Code release for RewardHarness: Self-Evolving Agentic Post-Training (arXiv 2605.08703). Project page: rewardharness.com.
What you can do · Architecture · Hardware · Install · Quickstart · Reproduce paper · Config · Swap Sub-Agent · Walkthrough · Output artifacts · Troubleshooting · Contributing · Security · Citation
- Score image edits — use the evolved Library + frozen Sub-Agent to produce a 1–4 preference judgment between two edited candidates of the same source image and instruction.
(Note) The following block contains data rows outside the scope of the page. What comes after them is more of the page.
(* Let $\hbar^2\ll\varepsilon_\hbar\ll\hbar$. Let $\Lambda_0\in\mathcal{L}_1$ and let $k=k(\hbar)=n(\hbar)\vec v_{\Lambda_0}+m(\hbar)\vec v_{\Lambda_0}^\perp\in\mathbb{Z}^2$ (with $n(\hbar),m(\hbar)$ integers), along a sequence with $\|k\|\to\infty$, $\hbar=\|k\|^{-1}$ and $|m(\hbar)|\ll1/\hbar$; set $\psi_\hbar=e_k$. For $\Lambda\in\mathcal{L}_1$ let $\mathbf{F}^0_\Lambda$ denote the limit (as $\hbar\to0$) of the distributions $a\mapsto\langle\psi_\hbar,\operatorname{Op}_\hbar(\mathcal{I}_\Lambda(a)(x,\hbar H_\Lambda(\xi)/\varepsilon_\hbar))\psi_\hbar\rangle$ on $\mathcal{C}^\infty_c(\mathbb{T}^2\times\mathbb{R})$. Then: (1) if $2\pi m(\hbar)\hbar^2\varepsilon_\hbar^{-1}\to\omega\in\mathbb{R}$, then $\mathbf{F}^0_\Lambda=dx\otimes\delta_{\omega L_{\Lambda_0}}(\eta)$ if $\Lambda=\mathbb{Z}\vec v_{\Lambda_0}^\perp$, and $\mathbf{F}^0_\Lambda=0$ otherwise; (2) if $2\pi|m(\hbar)|\hbar^2\varepsilon_\hbar^{-1}\to+\infty$, then $\mathbf{F}^0_\Lambda=0$ for all $\Lambda\in\mathcal{L}_1$.
   Context: $\mathbb{T}^2=\mathbb{R}^2/\mathbb{Z}^2$, $e_k(x)=e^{2i\pi k\cdot x}$, $\langle u,v\rangle=\int\overline{u}v$. Standard quantization: $\operatorname{Op}_\hbar(a)e_k=a(x,2\pi\hbar k)e_k$ for symbols $a(x,\xi)$ periodic in $x$. $\mathcal{L}_1$: primitive rank-one sublattices $\Lambda=\mathbb{Z}\vec v_\Lambda$ of $\mathbb{Z}^2$, with a fixed generator $\vec v_\Lambda$; $\vec v_\Lambda^\perp$ is $\vec v_\Lambda$ rotated by $+\pi/2$; $L_\Lambda=\|\vec v_\Lambda\|$; $H_\Lambda(\xi)=\langle\xi,\vec v_\Lambda\rangle/L_\Lambda$; $\mathcal{I}_\Lambda(a)(x,\eta)=\frac1{L_\Lambda}\int_0^{L_\Lambda}a(x+t\vec v_\Lambda^\perp/L_\Lambda,\eta)dt$. For the lattice $\Lambda=\mathbb{Z}\vec v_{\Lambda_0}^\perp$ the generator is taken to be $\vec v_\Lambda=\vec v_{\Lambda_0}^\perp$. $dx$ is Lebesgue measure on $\mathbb{T}^2$. *)

theory Defs
  imports "HOL-Analysis.Analysis"
begin

text \<open>Points of the torus are represented by points of R^2 (type real^2); functions on the
torus are functions on R^2 that are Z^2-periodic. Integration over the torus is integration
over the fundamental domain [0,1]^2 = cbox 0 1.\<close>

definition int_vec :: "real^2 \<Rightarrow> bool" where
  "int_vec z \<longleftrightarrow> (\<forall>i. z $ i \<in> \<int>)"

text \<open>Primitive vectors of Z^2: these are exactly the generators of rank-one primitive
sublattices of Z^2.\<close>
definition primitive_vec :: "real^2 \<Rightarrow> bool" where
  "primitive_vec v \<longleftrightarrow> (\<exists>p q :: int. v = (\<chi> i. if i = 1 then of_int p else of_int q) \<and> coprime p q)"

definition perp :: "real^2 \<Rightarrow> real^2" where
  "perp v = (\<chi> i. if i = 1 then - (v $ 2) else v $ 1)"

definition ek :: "real^2 \<Rightarrow> real^2 \<Rightarrow> complex" where
  "ek k x = cis (2 * pi * (k \<bullet> x))"

text \<open>Standard quantization applied to the exponential e_k:
  Op_h(b) e_k = b(x, 2 pi h k) e_k.\<close>
definition Op_on_ek :: "real \<Rightarrow> (real^2 \<Rightarrow> real^2 \<Rightarrow> complex) \<Rightarrow> real^2 \<Rightarrow> (real^2 \<Rightarrow> complex)" where
  "Op_on_ek h b k = (\<lambda>x. b x ((2 * pi * h) *\<^sub>R k) * ek k x)"

definition torus_inner :: "(real^2 \<Rightarrow> complex) \<Rightarrow> (real^2 \<Rightarrow> complex) \<Rightarrow> complex" where
  "torus_inner u v = integral (cbox 0 1) (\<lambda>x. cnj (u x) * v x)"

definition H_lat :: "real^2 \<Rightarrow> real^2 \<Rightarrow> real" where
  "H_lat v \<xi> = (\<xi> \<bullet> v) / norm v"

definition I_lat :: "real^2 \<Rightarrow> (real^2 \<Rightarrow> real \<Rightarrow> complex) \<Rightarrow> real^2 \<Rightarrow> real \<Rightarrow> complex" where
  "I_lat v a x \<eta> = (1 / complex_of_real (norm v)) *
      integral {0..norm v} (\<lambda>t. a (x + (t / norm v) *\<^sub>R perp v) \<eta>)"

text \<open>Iterated directional derivatives; a function is C^infinity iff all iterated
directional derivatives exist and are continuous.\<close>
fun dderiv :: "'a::real_normed_vector list \<Rightarrow> ('a \<Rightarrow> 'b::real_normed_vector) \<Rightarrow> 'a \<Rightarrow> 'b" where
  "dderiv [] f = f"
| "dderiv (d # ds) f = (\<lambda>x. vector_derivative (\<lambda>t. dderiv ds f (x + t *\<^sub>R d)) (at 0))"

definition smooth_fun :: "('a::real_normed_vector \<Rightarrow> 'b::real_normed_vector) \<Rightarrow> bool" where
  "smooth_fun f \<longleftrightarrow> (\<forall>ds. continuous_on UNIV (dderiv ds f) \<and>
      (\<forall>d x. ((\<lambda>t. dderiv ds f (x + t *\<^sub>R d)) has_vector_derivative dderiv (d # ds) f x) (at 0)))"

text \<open>Test functions C_c^infinity(T^2 x R): smooth, Z^2-periodic in x, compactly supported in eta.\<close>
definition test_fun :: "(real^2 \<Rightarrow> real \<Rightarrow> complex) \<Rightarrow> bool" where
  "test_fun a \<longleftrightarrow> smooth_fun (\<lambda>(x, \<eta>). a x \<eta>) \<and>
      (\<forall>x z \<eta>. int_vec z \<longrightarrow> a (x + z) \<eta> = a x \<eta>) \<and>
      (\<exists>R. \<forall>x \<eta>. \<bar>\<eta>\<bar> > R \<longrightarrow> a x \<eta> = 0)"

text \<open>The pairing  a |-> < psi_h , Op_h( I_Lambda(a)(x, h H_Lambda(xi)/eps) ) psi_h >
  with psi_h = e_k, for the lattice generated by v.\<close>
definition pairing :: "real^2 \<Rightarrow> real \<Rightarrow> real \<Rightarrow> real^2 \<Rightarrow> (real^2 \<Rightarrow> real \<Rightarrow> complex) \<Rightarrow> complex" where
  "pairing v h \<epsilon> k a =
     torus_inner (ek k) (Op_on_ek h (\<lambda>x \<xi>. I_lat v a x (h * H_lat v \<xi> / \<epsilon>)) k)"

end

theory Submission
  imports Defs
begin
- Reproduce paper numbers — one command (
make reproduce) runs the full pipeline (env setup → vLLM serve → 5-iter evolution → benchmark) and prints the K=2/3/4 + GenAI-Bench accuracies inresults/. - Evolve your own library — point
scripts/run_evolution.pyat any preference dataset of the same shape (~100 examples is enough) to grow a Skills + Tools library for your evaluation criteria. No reward-model training required. - Drop in as a GRPO reward signal — the evolved Library outputs a scalar score that's directly compatible with the EditReward GRPO normalization (see paper §3.2).
Read WALKTHROUGH.md for the 9-step path from git clone to your first preference judgment.
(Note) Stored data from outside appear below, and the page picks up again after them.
lemma log_likelihood_rate_le:
  fixes q :: "'x::finite \<Rightarrow> 'x \<Rightarrow> real"
  assumes q: "rate_matrix q" and P: "\<And>x. P x > 0" and R: "\<And>x. R x > 0"
    and s: "\<And>x y. x \<noteq> y \<Longrightarrow> s x y > 0"
  shows "(\<Sum>x\<in>UNIV. (\<Sum>y\<in>UNIV. q x y * P y) * ln (R x) + P x * reverse_drift q s R x / R x)
      \<le> (\<Sum>x\<in>UNIV. P x * (\<Sum>y\<in>UNIV - {x}. q x y * lbar (P y / P x) (s x y)))
       - (\<Sum>x\<in>UNIV. P x * (\<Sum>y\<in>UNIV - {x}. q y x))"
proof -
  have lhs: "(\<Sum>x\<in>UNIV. (\<Sum>y\<in>UNIV. q x y * P y) * ln (R x) + P x * reverse_drift q s R x / R x)
      = (\<Sum>x\<in>UNIV. \<Sum>y\<in>UNIV - {x}.
           q x y * P y * (ln (R x) - ln (R y)) + q x y * s x y * (P x - R x * P y / R y))"
    using rate_matrix_sum_mult[OF q] sum_reverse_drift_div[of R] R
    by (simp add: sum.distrib less_imp_neq[symmetric])
  have "P x * (\<Sum>y\<in>UNIV - {x}. q x y * lbar (P y / P x) (s x y))
      = (\<Sum>y\<in>UNIV - {x}. q x y * (s x y * P x - P y * ln (s x y)))" for x
    unfolding sum_distrib_left using P[of x] by (intro sum.cong) (auto simp: lbar_def field_simps)
  moreover have "(\<Sum>x\<in>UNIV. P x * (\<Sum>y\<in>UNIV - {x}. q y x))
      = (\<Sum>x\<in>UNIV. \<Sum>y\<in>UNIV - {x}. q x y * P y)"
    unfolding sum_distrib_left by (subst sum_offdiag_swap) (simp add: mult.commute)
  ultimately have rhs: "(\<Sum>x\<in>UNIV. P x * (\<Sum>y\<in>UNIV - {x}. q x y * lbar (P y / P x) (s x y)))
       - (\<Sum>x\<in>UNIV. P x * (\<Sum>y\<in>UNIV - {x}. q y x))
      = (\<Sum>x\<in>UNIV. \<Sum>y\<in>UNIV - {x}. q x y * (s x y * P x - P y * ln (s x y)) - q x y * P y)"
    by (simp add: sum_subtractf)
  have "q x y * P y * (ln (R x) - ln (R y)) + q x y * s x y * (P x - R x * P y / R y)
      \<le> q x y * (s x y * P x - P y * ln (s x y)) - q x y * P y" if "x \<noteq> y" for x y
  proof -
    define u where "u = s x y * R x / R y"
    have "u > 0"
      using s[OF that] R[of x] R[of y] by (simp add: u_def)
    have ln_u: "ln u = ln (s x y) + ln (R x) - ln (R y)"
      using s[OF that] R[of x] R[of y] by (simp add: u_def ln_mult ln_div)
    have "q x y * (s x y * P x - P y * ln (s x y)) - q x y * P y
        - (q x y * P y * (ln (R x) - ln (R y)) + q x y * s x y * (P x - R x * P y / R y))
        = q x y * P y * (u - 1 - ln u)"
      unfolding ln_u using R[of y] by (simp add: u_def field_simps)
    moreover have "0 \<le> q x y * P y * (u - 1 - ln u)"
      using q that P[of y] ln_le_minus_one[OF \<open>u > 0\<close>]
      by (intro mult_nonneg_nonneg) (auto simp: rate_matrix_def less_imp_le)
    ultimately show ?thesis
      by linarith
  qed
  then show ?thesis
    unfolding lhs rhs by (intro sum_mono) auto
qed

lemma has_real_derivative_sum_mult_ln:
  fixes p R :: "real \<Rightarrow> 'x::finite \<Rightarrow> real"
  assumes "\<And>x. ((\<lambda>u. p u x) has_real_derivative p' x) (at t within S)"
    and "\<And>x. ((\<lambda>u. R u x) has_real_derivative R' x) (at t within S)"
    and "\<And>x. R t x > 0"
  shows "((\<lambda>u. \<Sum>x\<in>UNIV. p u x * ln (R u x)) has_real_derivative
           (\<Sum>x\<in>UNIV. p' x * ln (R t x) + p t x * R' x / R t x)) (at t within S)"
  using assms by (auto intro!: derivative_eq_intros simp: mult.commute)

lemma diff_le_integral_of_deriv_le:
  fixes F F' g :: "real \<Rightarrow> real"
  assumes "a \<le> b"
    and "\<And>t. t \<in> {a..b} \<Longrightarrow> (F has_real_derivative F' t) (at t within {a..b})"
    and "\<And>t. t \<in> {a..b} \<Longrightarrow> F' t \<le> g t"
    and "g integrable_on {a..b}"
  shows "F b - F a \<le> integral {a..b} g"
  using assms
  by (intro has_integral_le[OF fundamental_theorem_of_calculus integrable_integral])
     (auto simp flip: has_real_derivative_iff_has_vector_derivative)

theorem theorem4:
  fixes Q :: "real \<Rightarrow> 'x::finite \<Rightarrow> 'x \<Rightarrow> real"
    and p :: "real \<Rightarrow> 'x \<Rightarrow> real"
    and s :: "'x \<Rightarrow> real \<Rightarrow> 'x \<Rightarrow> real"
    and pth :: "real \<Rightarrow> 'x \<Rightarrow> real"
    and pr :: "'x \<Rightarrow> real"
  assumes Q_rate: "\<And>t. t \<in> {0..1} \<Longrightarrow> rate_matrix (Q t)"
    and Q_cont: "\<And>x y. continuous_on {0..1} (\<lambda>t. Q t x y)"
    and p0_distr: "(\<Sum>x\<in>UNIV. p 0 x) = 1"
    and p_pos: "\<And>t x. t \<in> {0..1} \<Longrightarrow> 0 < p t x"
    and p_forward: "\<And>t x. t \<in> {0..1} \<Longrightarrow>
        ((\<lambda>u. p u x) has_real_derivative (\<Sum>y\<in>UNIV. Q t x y * p t y)) (at t within {0..1})"
    and s_pos: "\<And>x t y. t \<in> {0..1} \<Longrightarrow> x \<noteq> y \<Longrightarrow> 0 < s x t y"
    and s_cont: "\<And>x y. continuous_on {0..1} (\<lambda>t. s x t y)"
    and pr_pos: "\<And>x. 0 < pr x"
    and pr_distr: "(\<Sum>x\<in>UNIV. pr x) = 1"
    and pth_init: "pth 1 = pr"
    and pth_backward: "\<And>t x. t \<in> {0..1} \<Longrightarrow>
        ((\<lambda>u. pth u x) has_real_derivative
          (- (\<Sum>y\<in>UNIV - {x}. Q t y x * s y t x * pth t y)
           + (\<Sum>y\<in>UNIV - {x}. Q t x y * s x t y) * pth t x)) (at t within {0..1})"
  shows "cross_entropy (p 0) (pth 0) \<le>
           integral {0..1} (\<lambda>t. \<Sum>x\<in>UNIV. p t x *
              (\<Sum>y\<in>UNIV - {x}. Q t x y * lbar (p t y / p t x) (s x t y)))
         - integral {0..1} (\<lambda>t. \<Sum>x\<in>UNIV. p t x * (\<Sum>y\<in>UNIV - {x}. Q t y x))
         + cross_entropy (p 1) pr"
proof -
  have pth_deriv: "((\<lambda>u. pth u x) has_real_derivative reverse_drift (Q t) (\<lambda>x y. s x t y) (pth t) x)
      (at t within {0..1})" if "t \<in> {0..1}" for t x
    using pth_backward[OF that] by (simp add: reverse_drift_def)
  have pth_pos: "pth t x > 0" if "t \<in> {0..1}" for t x
    by (rule reverse_drift_solution_pos[where s = "\<lambda>t x y. s x t y" and R = pth and a = 0 and b = 1,
          OF Q_rate Q_cont s_pos s_cont _ pth_deriv that]) (use pth_init pr_pos in auto)
  define F where "F t = (\<Sum>x\<in>UNIV. p t x * ln (pth t x))" for t
  define A where
    "A t = (\<Sum>x\<in>UNIV. p t x * (\<Sum>y\<in>UNIV - {x}. Q t x y * lbar (p t y / p t x) (s x t y)))" for t
  define B where "B t = (\<Sum>x\<in>UNIV. p t x * (\<Sum>y\<in>UNIV - {x}. Q t y x))" for t
  have p_cont: "continuous_on {0..1} (\<lambda>t. p t x)" for x
    by (rule DERIV_continuous_on[OF p_forward])
  have A_int: "A integrable_on {0..1}"
    unfolding A_def lbar_def using p_pos s_pos
    by (intro integrable_continuous_real continuous_intros Q_cont s_cont p_cont)
       (auto simp: less_imp_neq[symmetric])
  have B_int: "B integrable_on {0..1}"
    unfolding B_def by (intro integrable_continuous_real continuous_intros Q_cont p_cont)
  have "F 1 - F 0 \<le> integral {0..1} (\<lambda>t. A t - B t)"
  proof (rule diff_le_integral_of_deriv_le)
    fix t :: real assume t: "t \<in> {0..1}"
    show "(F has_real_derivative (\<Sum>x\<in>UNIV. (\<Sum>y\<in>UNIV. Q t x y * p t y) * ln (pth t x)
        + p t x * reverse_drift (Q t) (\<lambda>x y. s x t y) (pth t) x / pth t x)) (at t within {0..1})"
      unfolding F_def by (intro has_real_derivative_sum_mult_ln p_forward pth_deriv pth_pos t)
    show "(\<Sum>x\<in>UNIV. (\<Sum>y\<in>UNIV. Q t x y * p t y) * ln (pth t x)
        + p t x * reverse_drift (Q t) (\<lambda>x y. s x t y) (pth t) x / pth t x) \<le> A t - B t"
      unfolding A_def B_def by (rule log_likelihood_rate_le) (use t Q_rate p_pos pth_pos s_pos in auto)
  qed (use integrable_diff[OF A_int B_int] in auto)
  also have "\<dots> = integral {0..1} A - integral {0..1} B"
    by (rule integral_diff[OF A_int B_int])
  finally show ?thesis
    by (simp add: cross_entropy_def F_def A_def[abs_def] B_def[abs_def] pth_init)
qed

end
- 2026-05-16 — Code mirrored at
KlingAIResearch/RewardHarness; both repos kept in sync. - 2026-05-15 — Paper featured on Hugging Face Daily Papers.
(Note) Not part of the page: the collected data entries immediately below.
(* Let $X$ be a geodesic metric space, $e\in X$, and $N\le N'$ Morse gauges. For $x,y\in\partial_s X^{(N)}_e$ (regarded also as points of $\partial_s X^{(N')}_e$ via the inclusion $X^{(N)}_e\subseteq X^{(N')}_e$), \[(x\cdot_N y)_e\le (x\cdot_{N'} y)_e\le (x\cdot_N y)_e+32N'(3,0).\]
   Context: A Morse gauge is a function $N$ assigning to each $(K,C)$ a number $N(K,C)\ge0$; $N\le N'$ means pointwise. A geodesic is $N$-Morse if every $(K,C)$-quasi-geodesic with endpoints on it lies in its $N(K,C)$-neighbourhood. $X^{(N)}_e$ is the set of points joined to $e$ by an $N$-Morse geodesic (restricted metric); it is hyperbolic. Its sequential boundary $\partial_s X^{(N)}_e$ consists of equivalence classes of sequences $(x_n)$ in $X^{(N)}_e$ with $(x_i\cdot x_j)_e\to\infty$, where $(a\cdot b)_e=\frac12(d(e,a)+d(e,b)-d(a,b))$ and $(x_n)\sim(y_m)$ iff $(x_i\cdot y_j)_e\to\infty$. The $N$-Gromov product $(x\cdot_N y)_e$ of $x,y\in\partial_s X^{(N)}_e$ is the supremum of $\liminf_{m,n\to\infty}(x_n\cdot y_m)_e$ over all pairs of sequences $(x_n),(y_m)\subseteq X^{(N)}_e$ representing $x$ and $y$. *)

theory Defs
  imports "HOL-Analysis.Analysis"
begin

definition gromov_prod :: "'a::metric_space \<Rightarrow> 'a \<Rightarrow> 'a \<Rightarrow> real" where
  "gromov_prod e a b = (dist e a + dist e b - dist a b) / 2"

definition geodesic_path :: "(real \<Rightarrow> 'a::metric_space) \<Rightarrow> 'a \<Rightarrow> 'a \<Rightarrow> bool" where
  "geodesic_path \<gamma> x y \<longleftrightarrow> \<gamma> 0 = x \<and> \<gamma> (dist x y) = y \<and>
     (\<forall>s\<in>{0..dist x y}. \<forall>t\<in>{0..dist x y}. dist (\<gamma> s) (\<gamma> t) = \<bar>s - t\<bar>)"

definition geodesic_space :: "'a::metric_space itself \<Rightarrow> bool" where
  "geodesic_space _ \<longleftrightarrow> (\<forall>x y::'a. \<exists>\<gamma>. geodesic_path \<gamma> x y)"

definition quasi_geodesic :: "real \<Rightarrow> real \<Rightarrow> (real \<Rightarrow> 'a::metric_space) \<Rightarrow> real \<Rightarrow> real \<Rightarrow> bool" where
  "quasi_geodesic K C q a b \<longleftrightarrow> a \<le> b \<and>
     (\<forall>s\<in>{a..b}. \<forall>t\<in>{a..b}. \<bar>s - t\<bar> / K - C \<le> dist (q s) (q t) \<and> dist (q s) (q t) \<le> K * \<bar>s - t\<bar> + C)"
- 2026-05-14 — Initial open-source release at
TIGER-AI-Lab/RewardHarness. - 2026-05-09 — Paper on arXiv: 2605.08703.
| Dataset | Use | Hub |
|---|---|---|
AgPerry/EditReward-Data-100 |
100 preference demos for evolution (train+val split) | 🤗 Hub |
TIGER-Lab/EditReward-Bench |
K=2/3/4 ranking benchmark (gated) | 🤗 Hub |
RewardHarness reframes reward modeling as context evolution rather than weight optimization. From as few as ~100 preference demonstrations, an Orchestrator (Gemini) iteratively evolves a library of Skills (declarative scoring rubrics) and Tools (procedural in-context specs) that a frozen Sub-Agent (Qwen2.5-VL-7B via vLLM) consults at inference time. With 0.05% of the EditReward training data, RewardHarness reaches 47.4% average accuracy on EditReward-Bench + GenAI-Bench, surpassing GPT-5 by 5.3 points.
flowchart LR
subgraph IN["Input"]
Is["Source image"]
P["Editing prompt"]
Ik["K candidate edits"]
end
subgraph ORC["Orchestrator (Gemini)"]
R["Router"]
CA["Chain Analyzer"]
EV["Evolver"]
end
subgraph LIB["Library (versioned)"]
SK["Skills (rubrics)"]
TL["Tools (system_prompts)"]
end
subgraph SUB["Sub-Agent (frozen Qwen2.5-VL-7B via vLLM)"]
RC["Reasoning chain"]
OUT["Scores + ranking"]
end
IN --> R
LIB -- "selected subset" --> R
R -- "context C" --> SUB
SUB --> OUT
OUT -- "vs. ground truth" --> CA
CA -- "improvement signals" --> EV
EV -- "skill / tool updates (gated)" --> LIB
At inference, the Router selects relevant entries from the Library and the frozen Sub-Agent builds a reasoning chain that produces a preference judgment. At evolution, the Chain Analyzer compares predictions against ~100 ground-truth labels and the Evolver applies skill/tool updates — keeping each update only if held-out validation accuracy stays within an exploration tolerance of the previous best (see evolution.explore_margin in configs/default.yaml; default 0.075). Catastrophic regressions roll back, but small dips are permitted so the search can escape local minima.
| Module | What it does |
|---|---|
src/router.py |
Selects relevant Skills/Tools from the Library per editing prompt |
src/chain_analyzer.py |
Analyzes Sub-Agent reasoning chains → improvement signals (skill / tool updates) |
src/evolver.py |
Applies signals to the Library; validates new tool prompts via vLLM; snapshot/restore for rollback |
src/sub_agent.py |
Multi-turn Qwen reasoning with <think>/<tool>/<obs>/<answer> tags |
src/library/ |
Skills (markdown rubrics) + Tools (VLM system_prompt specs) |
src/pipeline.py |
Evolution loop with Phase A (skills) / Phase B (tools) / Phase C (pruning) |
| Workflow | Compute | Credentials needed |
|---|---|---|
make test / make check / make install / examples/inspect_library.py |
CPU only, no Internet | none |
| Benchmark with a hosted Sub-Agent (Gemini drop-in, see "Swapping Sub-Agent" below) | CPU only + outbound Gemini | Gemini (Vertex AI) |
Local Qwen2.5-VL-7B Sub-Agent for make demo / make benchmark / make evolve |
1 × GPU ≥ 24 GB (L40S / A100 / H100) | Gemini + HF (for gated benchmark dataset) |
Full paper reproduction (make reproduce) |
≥ 4 GPUs, ~4–6 h wall-clock, ~50 GB free disk | Gemini + HF |
make help lists the same matrix at the command line.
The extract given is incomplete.